Work to complete =
Report each line of the records below that holds the word "derivatives".

Dataset =
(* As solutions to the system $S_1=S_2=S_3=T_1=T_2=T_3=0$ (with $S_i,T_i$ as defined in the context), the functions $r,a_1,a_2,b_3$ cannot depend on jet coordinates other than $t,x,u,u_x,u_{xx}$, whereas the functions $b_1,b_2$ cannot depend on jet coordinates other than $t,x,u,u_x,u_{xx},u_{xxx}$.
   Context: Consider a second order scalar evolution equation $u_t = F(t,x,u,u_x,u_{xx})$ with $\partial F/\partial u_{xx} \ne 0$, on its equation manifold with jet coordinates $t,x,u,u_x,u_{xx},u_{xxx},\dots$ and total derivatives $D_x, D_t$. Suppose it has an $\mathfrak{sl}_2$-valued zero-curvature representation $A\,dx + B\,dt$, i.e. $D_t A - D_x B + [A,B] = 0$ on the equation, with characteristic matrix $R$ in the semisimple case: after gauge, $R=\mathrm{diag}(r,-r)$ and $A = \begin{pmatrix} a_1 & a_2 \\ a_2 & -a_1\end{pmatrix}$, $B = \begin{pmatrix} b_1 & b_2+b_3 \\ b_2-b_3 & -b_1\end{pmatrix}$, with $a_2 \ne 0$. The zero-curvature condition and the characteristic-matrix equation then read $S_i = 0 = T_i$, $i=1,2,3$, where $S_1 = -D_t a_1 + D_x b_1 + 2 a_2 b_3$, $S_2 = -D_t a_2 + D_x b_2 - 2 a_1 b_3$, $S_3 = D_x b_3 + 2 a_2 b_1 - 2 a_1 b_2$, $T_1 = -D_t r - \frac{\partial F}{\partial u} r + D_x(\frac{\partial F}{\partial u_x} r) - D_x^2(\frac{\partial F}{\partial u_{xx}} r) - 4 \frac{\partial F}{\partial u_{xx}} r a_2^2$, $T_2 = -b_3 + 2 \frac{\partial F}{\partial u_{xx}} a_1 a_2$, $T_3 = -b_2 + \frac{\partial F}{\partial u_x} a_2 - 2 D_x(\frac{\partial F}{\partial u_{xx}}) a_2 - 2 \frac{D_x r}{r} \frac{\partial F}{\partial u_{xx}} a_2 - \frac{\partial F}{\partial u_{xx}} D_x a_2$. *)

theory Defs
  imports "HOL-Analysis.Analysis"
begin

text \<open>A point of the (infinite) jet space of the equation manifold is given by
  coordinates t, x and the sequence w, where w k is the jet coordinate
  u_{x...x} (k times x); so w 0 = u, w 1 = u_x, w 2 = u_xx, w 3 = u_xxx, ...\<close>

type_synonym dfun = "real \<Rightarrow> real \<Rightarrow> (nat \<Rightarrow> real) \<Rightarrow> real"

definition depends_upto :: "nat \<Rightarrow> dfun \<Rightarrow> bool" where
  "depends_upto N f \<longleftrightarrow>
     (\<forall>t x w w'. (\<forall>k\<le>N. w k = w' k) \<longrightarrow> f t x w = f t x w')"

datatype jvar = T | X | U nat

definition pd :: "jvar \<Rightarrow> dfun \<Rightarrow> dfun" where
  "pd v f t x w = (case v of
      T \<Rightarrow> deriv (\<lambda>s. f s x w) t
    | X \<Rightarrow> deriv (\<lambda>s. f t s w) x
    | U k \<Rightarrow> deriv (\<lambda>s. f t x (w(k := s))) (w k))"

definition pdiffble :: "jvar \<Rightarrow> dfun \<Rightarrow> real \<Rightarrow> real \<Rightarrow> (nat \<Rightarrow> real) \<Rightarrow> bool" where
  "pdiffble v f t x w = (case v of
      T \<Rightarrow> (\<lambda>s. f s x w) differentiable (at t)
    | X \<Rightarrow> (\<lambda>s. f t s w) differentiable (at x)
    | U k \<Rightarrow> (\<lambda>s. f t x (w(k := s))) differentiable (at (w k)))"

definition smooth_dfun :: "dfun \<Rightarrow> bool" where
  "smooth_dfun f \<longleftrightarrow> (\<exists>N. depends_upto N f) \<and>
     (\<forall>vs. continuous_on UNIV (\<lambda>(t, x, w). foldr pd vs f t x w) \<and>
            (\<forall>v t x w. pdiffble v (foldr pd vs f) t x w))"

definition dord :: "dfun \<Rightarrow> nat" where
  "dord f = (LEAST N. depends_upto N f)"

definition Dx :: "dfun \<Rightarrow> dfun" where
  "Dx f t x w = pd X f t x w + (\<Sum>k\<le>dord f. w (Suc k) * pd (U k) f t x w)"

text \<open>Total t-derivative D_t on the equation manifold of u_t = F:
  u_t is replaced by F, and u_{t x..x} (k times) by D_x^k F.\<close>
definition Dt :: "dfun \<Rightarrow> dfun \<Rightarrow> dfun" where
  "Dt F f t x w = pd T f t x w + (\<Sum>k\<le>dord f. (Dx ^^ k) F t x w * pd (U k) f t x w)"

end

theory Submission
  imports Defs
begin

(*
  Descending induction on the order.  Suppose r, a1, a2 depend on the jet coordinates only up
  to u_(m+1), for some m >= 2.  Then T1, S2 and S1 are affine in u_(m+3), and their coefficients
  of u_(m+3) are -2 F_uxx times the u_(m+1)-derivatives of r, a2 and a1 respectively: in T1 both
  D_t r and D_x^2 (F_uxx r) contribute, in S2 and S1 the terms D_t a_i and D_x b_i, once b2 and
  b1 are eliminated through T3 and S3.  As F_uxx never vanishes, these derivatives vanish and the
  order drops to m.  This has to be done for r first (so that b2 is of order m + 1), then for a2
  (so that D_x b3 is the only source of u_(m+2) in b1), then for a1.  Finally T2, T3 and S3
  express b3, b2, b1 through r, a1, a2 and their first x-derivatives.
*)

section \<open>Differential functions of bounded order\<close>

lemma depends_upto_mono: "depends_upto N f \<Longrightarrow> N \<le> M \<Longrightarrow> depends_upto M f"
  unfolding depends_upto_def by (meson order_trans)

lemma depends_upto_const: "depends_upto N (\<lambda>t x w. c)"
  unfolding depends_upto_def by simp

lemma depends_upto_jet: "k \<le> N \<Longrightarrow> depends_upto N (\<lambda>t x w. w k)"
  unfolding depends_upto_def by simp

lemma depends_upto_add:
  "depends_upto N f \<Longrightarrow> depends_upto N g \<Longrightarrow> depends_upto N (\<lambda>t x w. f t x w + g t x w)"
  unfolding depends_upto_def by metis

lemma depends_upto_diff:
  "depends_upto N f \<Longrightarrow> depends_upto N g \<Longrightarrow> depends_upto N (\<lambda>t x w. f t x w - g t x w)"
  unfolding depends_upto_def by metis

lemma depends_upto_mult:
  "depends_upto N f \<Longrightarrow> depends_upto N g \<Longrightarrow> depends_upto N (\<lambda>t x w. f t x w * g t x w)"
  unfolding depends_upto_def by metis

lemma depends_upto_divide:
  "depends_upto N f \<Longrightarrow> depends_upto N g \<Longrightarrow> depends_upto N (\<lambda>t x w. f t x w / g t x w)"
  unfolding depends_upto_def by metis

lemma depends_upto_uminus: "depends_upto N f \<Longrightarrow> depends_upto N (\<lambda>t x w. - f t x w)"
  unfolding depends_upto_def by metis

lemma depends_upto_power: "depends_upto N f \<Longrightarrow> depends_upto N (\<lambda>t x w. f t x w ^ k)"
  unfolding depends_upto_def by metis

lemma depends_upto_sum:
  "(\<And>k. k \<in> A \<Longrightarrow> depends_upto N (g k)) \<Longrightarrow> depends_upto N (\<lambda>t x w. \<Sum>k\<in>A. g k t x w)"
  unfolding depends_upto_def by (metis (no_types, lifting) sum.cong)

Final answer =
   Context: Consider a second order scalar evolution equation $u_t = F(t,x,u,u_x,u_{xx})$ with $\partial F/\partial u_{xx} \ne 0$, on its equation manifold with jet coordinates $t,x,u,u_x,u_{xx},u_{xxx},\dots$ and total derivatives $D_x, D_t$. Suppose it has an $\mathfrak{sl}_2$-valued zero-curvature representation $A\,dx + B\,dt$, i.e. $D_t A - D_x B + [A,B] = 0$ on the equation, with characteristic matrix $R$ in the semisimple case: after gauge, $R=\mathrm{diag}(r,-r)$ and $A = \begin{pmatrix} a_1 & a_2 \\ a_2 & -a_1\end{pmatrix}$, $B = \begin{pmatrix} b_1 & b_2+b_3 \\ b_2-b_3 & -b_1\end{pmatrix}$, with $a_2 \ne 0$. The zero-curvature condition and the characteristic-matrix equation then read $S_i = 0 = T_i$, $i=1,2,3$, where $S_1 = -D_t a_1 + D_x b_1 + 2 a_2 b_3$, $S_2 = -D_t a_2 + D_x b_2 - 2 a_1 b_3$, $S_3 = D_x b_3 + 2 a_2 b_1 - 2 a_1 b_2$, $T_1 = -D_t r - \frac{\partial F}{\partial u} r + D_x(\frac{\partial F}{\partial u_x} r) - D_x^2(\frac{\partial F}{\partial u_{xx}} r) - 4 \frac{\partial F}{\partial u_{xx}} r a_2^2$, $T_2 = -b_3 + 2 \frac{\partial F}{\partial u_{xx}} a_1 a_2$, $T_3 = -b_2 + \frac{\partial F}{\partial u_x} a_2 - 2 D_x(\frac{\partial F}{\partial u_{xx}}) a_2 - 2 \frac{D_x r}{r} \frac{\partial F}{\partial u_{xx}} a_2 - \frac{\partial F}{\partial u_{xx}} D_x a_2$. *)
  of u_(m+3) are -2 F_uxx times the u_(m+1)-derivatives of r, a2 and a1 respectively: in T1 both
  b1 are eliminated through T3 and S3.  As F_uxx never vanishes, these derivatives vanish and the
  express b3, b2, b1 through r, a1, a2 and their first x-derivatives.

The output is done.